Initiatives for
As the national authority for Cybersecurity the CCB has developed several initiatives for specific publics which are presented here.
WARNING: APACHE AIRFLOW PATCHED AN IMPORTANT VULNERABILITY THAT CAN RESULT IN RCE, PATCH IMMEDIATELY!
Image
Published : 06/08/2024
Reference:
Advisory #2024-118
Version:
1.0
Affected software:
Apache Airflow 2.4.0, and versions before 2.9.3
Type:
Remote Code Execution
CVE/CVSS:
CVE-2024-39877
CVSS 8.8 (CVSS:3.0/AV:N/AC:L/PR:L/UI:N/S:U/C:H/I:H/A:H)
Sources
Risks
Apache Airflow is an open-source platform used to programmatically author, schedule, and monitor workflows. It is a completely open-source solution, used for architecting and orchestrating complex data pipelines and task launches.
CVE-2024-39877 is a vulnerability in Apache Airflow. If exploited successfully, the vulnerability can lead to Remote Code Execution. The vulnerability has impact on all vertices of the CIA triad.
Description
This vulnerability in Apache Airflow 2.4.0, and versions before 2.9.3 allows authenticated DAG authors to craft a doc_md parameter in a way that could execute arbitrary code in the scheduler context. This should be forbidden according to the Airflow Security model.
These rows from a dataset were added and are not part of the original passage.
(* Let $G=(B\cup W,E)$ be a bipartite graph (an instance of Bipartite Influence), and let $B_0\subseteq B$ and $W_0\subseteq W$. Then $Ls(G)\leq Ls(G\setminus W_0)+|W_0|$, $Rs(G)\geq Rs(G\setminus B_0)-|B_0|$, $Ls(G)\geq Ls(G\setminus B_0)-|B_0|$, and $Rs(G)\leq Rs(G\setminus W_0)+|W_0|$.
   Context: Bipartite Influence is a two-player game (Left and Right) played on a bipartite graph $G=(B\cup W,E)$ whose vertices in $B$ are black and in $W$ white, every edge joining $B$ and $W$. Isolated vertices are credited to the owner of their colour (black to Left, white to Right) and removed. On her turn Left chooses a black vertex $x$ and removes $Rmv(G,x)$, consisting of $x$, its neighbours, and the vertices that become isolated after removing these; Right does the same with a white vertex. The score is (number of vertices credited to/removed by Left) minus (number credited to/removed by Right). Formally, if $G$ has no edges its value is $|B|-|W|$; otherwise $Ls(G)=\max_{x\in B\text{ non-isolated}}\{|Rmv(G,x)|+Rs(G\setminus Rmv(G,x))\}$ and $Rs(G)=\min_{y\in W\text{ non-isolated}}\{-|Rmv(G,y)|+Ls(G\setminus Rmv(G,y))\}$, where isolated vertices of $G$ contribute $|I_B|-|I_W|$ (black minus white isolated vertices) to both scores. $Ls$ (resp. $Rs$) is the optimal final score when Left (resp. Right) moves first. $G\setminus X$ denotes the subgraph induced on the remaining vertices. *)

theory Defs
  imports Main
begin

definition bipartite :: "'a set \<Rightarrow> 'a set \<Rightarrow> ('a \<times> 'a) set \<Rightarrow> bool" where
  "bipartite B W E \<longleftrightarrow> finite B \<and> finite W \<and> B \<inter> W = {} \<and> E \<subseteq> B \<times> W"

definition nbrs :: "('a \<times> 'a) set \<Rightarrow> 'a \<Rightarrow> 'a set" where
  "nbrs E v = {u. (v, u) \<in> E \<or> (u, v) \<in> E}"

definition isol :: "'a set \<Rightarrow> 'a set \<Rightarrow> ('a \<times> 'a) set \<Rightarrow> 'a set" where
  "isol B W E = {v \<in> B \<union> W. nbrs E v = {}}"

definition del :: "'a set \<Rightarrow> 'a set \<Rightarrow> ('a \<times> 'a) set \<Rightarrow> 'a set
    \<Rightarrow> 'a set \<times> 'a set \<times> ('a \<times> 'a) set" where
  "del B W E X = (B - X, W - X, E \<inter> ((B - X) \<times> (W - X)))"

definition Rmv :: "'a set \<Rightarrow> 'a set \<Rightarrow> ('a \<times> 'a) set \<Rightarrow> 'a \<Rightarrow> 'a set" where
  "Rmv B W E x =
     (let N = ({x} \<union> nbrs E x) \<inter> (B \<union> W) in
      case del B W E N of (B1, W1, E1) \<Rightarrow> N \<union> isol B1 W1 E1)"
Users that have vulnerable systems should upgrade them to version 2.9.3 or later which has removed the vulnerability.
Recommended Actions
Patch
The Centre for Cybersecurity Belgium strongly recommends installing updates for vulnerable devices with the highest priority, after thorough testing. Vulnerable systems should be upgraded to version 2.9.3 or later.
Monitor/Detect
The CCB recommends organizations upscale monitoring and detection capabilities to identify any related suspicious activity, ensuring a swift response in case of an intrusion.
In case of an intrusion, you can report an incident via:https://ccb.belgium.be/cert/report-incident
While patching appliances or software to the newest version may provide safety from future exploitation, it does not remediate historic compromise.